On the path for a better select

The current indexing implementation in my tyrdbs project is based on a hybrid of prefix and b-trees. It's messy, has significant space overhead and lacks some features I'd like to see so I went looking for a suitable replacement. Last time around, I was looking at succinct trees because of their low space overhead. In a nutshell, they are encoded using bit fields and use rank/select primitives for navigating. This Wikipedia entry is a good starting point if you're interested in learning more about how they work. I eventually gave it up for the fact that I've implemented the select primitive using binary search which was too slow to use on a hot path. I've decided to give it another shoot but for that to happen, I needed to figure out a way to make select primitive faster.

Select primitive

Select primitive is simple. For any given bit field x = {x1, x2, x3, ..., xn}, select(k) where 1 <= k <= n, returns the position of k'th 1 bit. This means that an implementation has to map k values to appropriate positions in the bit field. As it turns out, it's more difficult than it seems especially if you add constraints on the size of your supporting structures. A simple approach is to store the bit field and do a binary search on it. A bit better one is to have some sort of supporting structure that would guide the binary search. One step further, you replace the bit field with a specialized index. The basic idea is to reduce the bounds of the search area enough so the binary search becomes negligible when n becomes sufficiently large, to use linear search or to be able to use lookup tables. There has been a lot of research in this area (I'll link some of the papers below) and there are many variations on these basic concepts. Most of them trade space for time complexity. For small trees (n = 2048) and with a constrained time budget, this is a deal breaker.

Broadword approach

This approach was introduced in a paper by Vigna, S. [1] and revolves around the idea of using a broad word (64/128/256 bits) to represent a part of the bit field we zeroed in on using supporting structures and calculating the result using SIMD techniques. Using this technique, processing 64 bits of the bit field is fast enough for my purposes (a bit over 2ns). For small (n = 2048) and a maxed-out tree, all we need is lg(n) * n / 64 bits of extra space (which works out to 44 bytes) to support fast select primitive. After some googling, I found the author's blog which touches on the subject and has a C implementation of the algorithm from the paper along with an improved version that's missing a lookup table that can be found here. Vigna also linked to this paper by Simon, G. and Matthias, P. [2] which has a modified broadword algorithm. One thing the modified version introduced was a second table lookup to fetch words for correcting overflows. To work around this, line 8. can be replaced with:

b = ((128 - k) * 0x0101010101010101 + s) & 0x8080808080808080

without compromising the algorithm and improving cache locality.

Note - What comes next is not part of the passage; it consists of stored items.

(* For every $j\in\{1,\dots,N\}$ with $S_j\neq\emptyset$ (i.e. $S_j=(U_j^*,c_j^* )$), we have $\sum_{(U,c)\in S^*_{j-1}}p_1^{(j)}(U,c)\ge p_2^{(j-1)}(U_j^*,c_j^* )$.
   Context: Setup as for problem (P1): users $\{1,\dots,K\}$ partitioned into groups $\mathcal G_1,\dots,\mathcal G_L$; $N$ RBs; chunks are vectors $c\in\{0,1\}^N$ whose ones form a nonempty contiguous block, ${\rm Tail}(c)$ the last index of $c$, chunks intersect if they share an index; $\mathcal U$ = nonempty $U\subseteq\{1,\dots,K\}$ with $|U|\le T$, $|U\cap\mathcal G_s|\le1\ \forall s$; pairs are elements of $\mathcal U\times\mathcal C$. Metrics $p\ge0$; weights $\beta^q\in[0,1]$ ($q=1,\dots,J$); binary weights $\alpha^q\in\{0,1\}$ ($q\in\mathcal I$). A set $F$ of pairs is feasible if each group meets $U$ for at most one element of $F$, each RB lies in $c$ for at most one element, $\sum_F\beta^q\le1$ ($q\le J$) and $\sum_F\alpha^q\le1$ ($q\in\mathcal I$). Pairs $(U,c),(U',c')$ conflict if some group meets both $U,U'$, or $c,c'$ intersect, or some $q\in\mathcal I$ has $\alpha^q(U,c)=\alpha^q(U',c')=1$. $\mathcal M^{\rm narrow}$ = pairs with $\beta^q\le1/2$ for all $q\le J$; $\max_q\beta^q:=0$ if $J=0$; $(x)^+=\max\{x,0\}$. Recursion: $p_2^{(0)}=p$ on $\mathcal M^{\rm narrow}$. For $j=1,\dots,N$: let $(U_j^*,c_j^* )$ maximize $p_2^{(j-1)}$ over pairs of $\mathcal M^{\rm narrow}$ with ${\rm Tail}(c)=j$; set $S_j=(U_j^*,c_j^* )$ if $p_2^{(j-1)}(U_j^*,c_j^* )>0$ and $S_j=\emptyset$ otherwise. Define, for $(U,c)\in\mathcal M^{\rm narrow}$, $p_1^{(j)}(U,c)=(p_2^{(j-1)}(U_j^*,c_j^* ))^+\mathbf 1[p_2^{(j-1)}(U,c)>0]$ if $(U,c)$ conflicts with $(U_j^*,c_j^* )$, and $p_1^{(j)}(U,c)=2(p_2^{(j-1)}(U_j^*,c_j^* ))^+\mathbf 1[p_2^{(j-1)}(U,c)>0]\max_{q\le J}\beta^q(U,c)$ otherwise; and $p_2^{(j)}=p_2^{(j-1)}-p_1^{(j)}$. Stacks: $S_N^*=\emptyset$ and for $j=N,\dots,1$, $S_{j-1}^*=S_j^*\cup\{S_j\}$ if $S_j\neq\emptyset$ and $S_j^*\cup\{S_j\}$ is feasible, else $S_{j-1}^*=S_j^*$. *)

theory Defs
  imports Complex_Main
begin

text \<open>A pair is (U, c): U a set of users, c a chunk, represented by the set of
  RB indices where the 0/1 vector c equals one.\<close>
type_synonym pair = "nat set \<times> nat set"

definition chunks :: "nat \<Rightarrow> nat set set" where
  "chunks N = {{a..b} | a b. 1 \<le> a \<and> a \<le> b \<and> b \<le> N}"

definition Tail :: "nat set \<Rightarrow> nat" where
  "Tail c = Max c"

definition Uset :: "nat \<Rightarrow> nat \<Rightarrow> (nat \<Rightarrow> nat set) \<Rightarrow> nat \<Rightarrow> nat set set" where
  "Uset K L G T = {U. U \<noteq> {} \<and> U \<subseteq> {1..K} \<and> card U \<le> T \<and> (\<forall>s\<in>{1..L}. card (U \<inter> G s) \<le> 1)}"

definition pairs :: "nat \<Rightarrow> nat \<Rightarrow> (nat \<Rightarrow> nat set) \<Rightarrow> nat \<Rightarrow> nat \<Rightarrow> pair set" where
  "pairs K L G T N = Uset K L G T \<times> chunks N"

definition narrow :: "nat \<Rightarrow> nat \<Rightarrow> (nat \<Rightarrow> nat set) \<Rightarrow> nat \<Rightarrow> nat \<Rightarrow> nat \<Rightarrow> (nat \<Rightarrow> pair \<Rightarrow> real) \<Rightarrow> pair set" where
  "narrow K L G T N J \<beta> = {x \<in> pairs K L G T N. \<forall>q\<in>{1..J}. \<beta> q x \<le> 1/2}"

definition maxbeta :: "nat \<Rightarrow> (nat \<Rightarrow> pair \<Rightarrow> real) \<Rightarrow> pair \<Rightarrow> real" where
  "maxbeta J \<beta> x = (if J = 0 then 0 else Max ((\<lambda>q. \<beta> q x) ` {1..J}))"

definition conflict :: "nat \<Rightarrow> (nat \<Rightarrow> nat set) \<Rightarrow> nat set \<Rightarrow> (nat \<Rightarrow> pair \<Rightarrow> real) \<Rightarrow> pair \<Rightarrow> pair \<Rightarrow> bool" where
  "conflict L G I \<alpha> x y \<longleftrightarrow>
     (\<exists>s\<in>{1..L}. G s \<inter> fst x \<noteq> {} \<and> G s \<inter> fst y \<noteq> {})
     \<or> snd x \<inter> snd y \<noteq> {}
     \<or> (\<exists>q\<in>I. \<alpha> q x = 1 \<and> \<alpha> q y = 1)"

definition feasible :: "nat \<Rightarrow> (nat \<Rightarrow> nat set) \<Rightarrow> nat \<Rightarrow> nat \<Rightarrow> (nat \<Rightarrow> pair \<Rightarrow> real)
    \<Rightarrow> nat set \<Rightarrow> (nat \<Rightarrow> pair \<Rightarrow> real) \<Rightarrow> pair set \<Rightarrow> bool" where
  "feasible L G N J \<beta> I \<alpha> F \<longleftrightarrow>
     (\<forall>s\<in>{1..L}. card {x\<in>F. G s \<inter> fst x \<noteq> {}} \<le> 1)
     \<and> (\<forall>r\<in>{1..N}. card {x\<in>F. r \<in> snd x} \<le> 1)
     \<and> (\<forall>q\<in>{1..J}. (\<Sum>x\<in>F. \<beta> q x) \<le> 1)
     \<and> (\<forall>q\<in>I. (\<Sum>x\<in>F. \<alpha> q x) \<le> 1)"

text \<open>The recursion. sel j is the chosen maximizer (U_j^*, c_j^*).
  p2 ... sel j = p_2^{(j)}.\<close>
primrec p2 :: "nat \<Rightarrow> (nat \<Rightarrow> nat set) \<Rightarrow> nat set \<Rightarrow> (nat \<Rightarrow> pair \<Rightarrow> real) \<Rightarrow> nat
    \<Rightarrow> (nat \<Rightarrow> pair \<Rightarrow> real) \<Rightarrow> (pair \<Rightarrow> real) \<Rightarrow> (nat \<Rightarrow> pair) \<Rightarrow> nat \<Rightarrow> pair \<Rightarrow> real" where
  "p2 L G I \<alpha> J \<beta> p sel 0 x = p x"
| "p2 L G I \<alpha> J \<beta> p sel (Suc j) x =
     p2 L G I \<alpha> J \<beta> p sel j x -
     (let m = max (p2 L G I \<alpha> J \<beta> p sel j (sel (Suc j))) 0 in
      if p2 L G I \<alpha> J \<beta> p sel j x > 0 then
        (if conflict L G I \<alpha> x (sel (Suc j)) then m else 2 * m * maxbeta J \<beta> x)
      else 0)"

text \<open>p1 ... sel j = p_1^{(j)} for j \<ge> 1.\<close>
definition p1 :: "nat \<Rightarrow> (nat \<Rightarrow> nat set) \<Rightarrow> nat set \<Rightarrow> (nat \<Rightarrow> pair \<Rightarrow> real) \<Rightarrow> nat
    \<Rightarrow> (nat \<Rightarrow> pair \<Rightarrow> real) \<Rightarrow> (pair \<Rightarrow> real) \<Rightarrow> (nat \<Rightarrow> pair) \<Rightarrow> nat \<Rightarrow> pair \<Rightarrow> real" where
  "p1 L G I \<alpha> J \<beta> p sel j x =
     (let m = max (p2 L G I \<alpha> J \<beta> p sel (j - 1) (sel j)) 0 in
      if p2 L G I \<alpha> J \<beta> p sel (j - 1) x > 0 then
        (if conflict L G I \<alpha> x (sel j) then m else 2 * m * maxbeta J \<beta> x)
      else 0)"

text \<open>Stacks: stk k = S^*_{N-k}; S^*_N = {} and
  S^*_{j-1} = S^*_j \<union> {S_j} if S_j \<noteq> \<emptyset> and this is feasible.\<close>
primrec stk :: "nat \<Rightarrow> (nat \<Rightarrow> nat set) \<Rightarrow> nat set \<Rightarrow> (nat \<Rightarrow> pair \<Rightarrow> real) \<Rightarrow> nat
    \<Rightarrow> (nat \<Rightarrow> pair \<Rightarrow> real) \<Rightarrow> (pair \<Rightarrow> real) \<Rightarrow> (nat \<Rightarrow> pair) \<Rightarrow> nat \<Rightarrow> nat \<Rightarrow> pair set" where
  "stk L G I \<alpha> J \<beta> p sel N 0 = {}"
| "stk L G I \<alpha> J \<beta> p sel N (Suc k) =
     (let j = N - k; Sj = sel j; F = stk L G I \<alpha> J \<beta> p sel N k in
      if p2 L G I \<alpha> J \<beta> p sel (j - 1) Sj > 0 \<and> feasible L G N J \<beta> I \<alpha> (insert Sj F)
      then insert Sj F else F)"

definition Sstar :: "nat \<Rightarrow> (nat \<Rightarrow> nat set) \<Rightarrow> nat set \<Rightarrow> (nat \<Rightarrow> pair \<Rightarrow> real) \<Rightarrow> nat
    \<Rightarrow> (nat \<Rightarrow> pair \<Rightarrow> real) \<Rightarrow> (pair \<Rightarrow> real) \<Rightarrow> (nat \<Rightarrow> pair) \<Rightarrow> nat \<Rightarrow> nat \<Rightarrow> pair set" where
  "Sstar L G I \<alpha> J \<beta> p sel N i = stk L G I \<alpha> J \<beta> p sel N (N - i)"

end

theory Submission
  imports Defs
begin

text \<open>
  Put v = p_2^{(j-1)}(S_j) > 0 and F = S^*_j.  Every element y of F is some
  S_i with i > j that was still positive at step i-1; since p_2 only decreases along the
  recursion, p_2^{(j-1)}(y) > 0, so p_1^{(j)}(y) is v when y conflicts with S_j and
  2 v maxbeta(y) otherwise; in particular p_1^{(j)} is nonnegative on F.  Three cases:
  (1) S_j is pushed: S_j conflicts with itself, so it alone contributes v;
  (2) S_j is rejected and some y in F conflicts with S_j: y alone contributes v;
  (3) S_j is rejected and conflicts with nothing in F: then the group, RB and binary
      constraints survive the insertion, so some beta^q constraint fails; as S_j is narrow,
      F carries beta^q-weight above 1/2, and the terms 2 v beta^q(y) sum to more than v.
\<close>

lemma maxbeta_ge:
  assumes "q \<in> {1..J}"
  shows "\<beta> q x \<le> maxbeta J \<beta> x"
  using assms by (auto simp: maxbeta_def intro!: Max_ge)

lemma maxbeta_nonneg:
  assumes "\<forall>q\<in>{1..J}. 0 \<le> \<beta> q x"
  shows "0 \<le> maxbeta J \<beta> x"
proof (cases "J = 0")
  case True
  then show ?thesis by (simp add: maxbeta_def)
next
  case False
  then have "1 \<in> {1..J}" by auto
  then show ?thesis using maxbeta_ge[of 1 J \<beta> x] assms by force
qed

text \<open>Each step of the recursion subtracts a nonnegative amount, so p_2 decreases in j.\<close>

lemma p2_antimono:
  assumes "\<forall>q\<in>{1..J}. 0 \<le> \<beta> q x" and "k \<le> k'"
  shows "p2 L G I \<alpha> J \<beta> p sel k' x \<le> p2 L G I \<alpha> J \<beta> p sel k x"
proof -
  have one_step: "p2 L G I \<alpha> J \<beta> p sel (Suc i) x \<le> p2 L G I \<alpha> J \<beta> p sel i x" for i
    using maxbeta_nonneg[of J \<beta> x] assms(1) by (auto simp: Let_def)
  show ?thesis
    using assms(2)
  proof (induction k' rule: dec_induct)
    case base
    then show ?case by simp
  next
    case (step i)
    then show ?case using one_step[of i] by linarith
  qed
qed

This is the full listing of the algorithm in python along with a way to generate the lookup table (transcribing to other languages should be easy enough):

# values dictionary:
# 0x00: 0 0 0 0 0 0 0 0
# 0x01: 1 0 0 0 0 0 0 0
# 0x02: 2 0 0 0 0 0 0 0
# 0x03: 1 2 0 0 0 0 0 0
# 0x04: 3 0 0 0 0 0 0 0
# 0x05: 1 4 0 0 0 0 0 0
# 0x06: 2 4 0 0 0 0 0 0
# 0x08: 4 0 0 0 0 0 0 0
# 0x09: 1 4 0 0 0 0 0 0
# ...

values = {}

for i in range(0, 256):
    if i not in values:
        values[i] = []

    for j in range(0, 8):
        if i & (1 << j):
            values[i].append(j)

def select(x, k):
    assert k >= 1
    assert k <= x.bit_count()

    s = x - ((x >> 1) & 0x5555555555555555)
    s = (s & 0x3333333333333333) + ((s >> 2) & 0x3333333333333333)
    s = (s + (s >> 4)) & 0x0f0f0f0f0f0f0f0f
    s = s * 0x0101010101010101

    b = ((128 - k) * 0x0101010101010101 + s) & 0x8080808080808080

    block = (8 - b.bit_count()) << 3
    offset = (k - ((s << 8) >> block) & 0xff) - 1

    byte = (x >> block) & 0xff

    v = block + values[byte][offset]

    return v

Conclusion

This algorithm is really fast and can be used on hot paths. It works on a wide enough range to help cut down supporting structure size. There's still room for improvement. For example, being able to handle more than 64 bits at a time and implement it using SSE but for now, this is enough.

References

[1] Vigna, S. (2008). Broadword implementation of rank/select queries. Experimental Algorithms. Lecture Notes in Computer Science. Vol. 5038. pp. 154–168. CiteSeerX 10.1.1.649.8950. doi:10.1007/978-3-540-68552-4_12. ISBN 978-3-540-68548-7.

[2] Gog, Simon and Matthias Petri. “Optimized succinct data structures for massive data.” Software: Practice and Experience 44 (2014): 1287 - 1314.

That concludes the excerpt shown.